Debate sobre a cultura do cancelamento na sociedade contemporânea

Enviada em 05/11/2020

Carlos Drummond de Andrade, em seu poema “No meio do caminho”, retrata o percusso de uma pedra presente em sua trajetória. Embora o contexto do poema do contista não tenha sido escrito sob viés social, percebe-se um alinhamento com realidade brasileira no que tange à cultura do cancelamento na contemporaneidade. No sentido de que, esse, é um notório problema social que persiste sem solução, à custa da falta de estrutura educacional e da sociedade inconsciente.

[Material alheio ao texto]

lemma convex_hull_heavy_point:
  fixes S :: "'a::real_inner set"
  assumes "finite S" "z \<in> convex hull S"
  shows "\<exists>y\<in>S. \<forall>p m. (\<forall>s\<in>S. m \<le> p \<bullet> s) \<longrightarrow> (p \<bullet> y - m) / real (card S) \<le> p \<bullet> z - m"
proof -
  obtain w where w_nonneg: "\<forall>s\<in>S. 0 \<le> w s" and w_sum: "sum w S = 1"
    and z_eq: "(\<Sum>s\<in>S. w s *\<^sub>R s) = z"
    using assms by (auto simp: convex_hull_finite)
  have "S \<noteq> {}" using assms(2) by auto
  then obtain y where y: "y \<in> S" "1 / real (card S) \<le> w y"
    using heavy_weight[OF assms(1) _ w_sum] by blast
  have "(p \<bullet> y - m) / real (card S) \<le> p \<bullet> z - m" if m: "\<forall>s\<in>S. m \<le> p \<bullet> s" for p m
  proof -
    have "p \<bullet> z - m = (\<Sum>s\<in>S. w s * (p \<bullet> s - m))"
      using w_sum by (simp add: z_eq[symmetric] inner_sum_right right_diff_distrib
          sum_subtractf sum_distrib_right[symmetric])
    also have "\<dots> \<ge> w y * (p \<bullet> y - m)"
      using y(1) w_nonneg m assms(1)
      by (intro member_le_sum[where f = "\<lambda>s. w s * (p \<bullet> s - m)"]) auto
    finally show ?thesis
      using y m mult_right_mono[OF y(2), of "p \<bullet> y - m"] by simp
  qed
  then show ?thesis using y(1) by blast
qed

lemma uniform_positive_gap:
  fixes f :: "'b \<Rightarrow> real"
  assumes "finite T" "\<forall>t\<in>T. 0 < f t"
  shows "\<exists>g>0. \<forall>t\<in>T. g \<le> f t"
proof (cases "T = {}")
  case True
  then show ?thesis by (intro exI[of _ 1]) auto
next
  case False
  then show ?thesis
    using assms by (intro exI[of _ "Min (f ` T)"]) auto
qed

Deve-se pontuar, de início, a lacuna educacional presente no país, o que caracteriza como um complexo catalisador do problema. Segundo o educador e filósofo Paulo Freire, “se a educação sozinha não transforma a sociedade, sem ela tampouco a sociedade muda”. Sobre isso, o autor afirma que a educação é um pilar indispensável na base da formação social, uma vez que ela tem poder de solucionar embates como os conflitos de opiniões no meio digital que visam boicotar indivíduos com posturas reprováveis. Logo, as instituições pedagógicas têm papel primordial não somente no ensino de habilidades cognitivas, mas também na formação cidadã de cada indivíduo, sendo que o desrespeito a tal fato é um agravo à sociedade e aos princípios constitucionais.

Ademais, a ausência de consciência social é também um fator relevante em relação à situação. Nessa lógica, o filósofo Karl Marx, teceu diversas opiniões em suas obras sobre a atuação governamental em relação à educação cidadã nas sociedades. Em se tratando do linchamento virtual que ocorre principalmente em redes sociais, é possível perceber que as críticas de Marx se fundamentam, já que o Estado brasileiro não promove a conscientização social sobre os malefícios de posicionar-se contra postura de algo e, por consequência, acabam afetando a saúde mental de indivíduos inocentes, ferindo, assim, a cidadania de inúmeros usuários pela internet.

Portanto, é evidente que o debate a cerca da cultura do cancelamento precisa ser amplamente comentado hodiernamente, bem como seus problemas precisam ser resolvidos. Dessa maneira, compete ao Ministério da Educação propor ao Congresso Nacional uma reforma escolar, por meio de um projeto educacional, que transforme a percepção e entendimento dos jovens sobre assuntos como os conflitos desnecessário no meio digital e seus perigos. Tal reforma deve conter uma mudança na grade curricular, englobando matérias de cunho social como, ética e política, por exemplo, para preparar o aluno não somente para a Universidade, mas também para vida em sociedade. À vista disso, espera-se que a educação seja mais estruturada, garantindo assim, todo preparo que o povo necessita.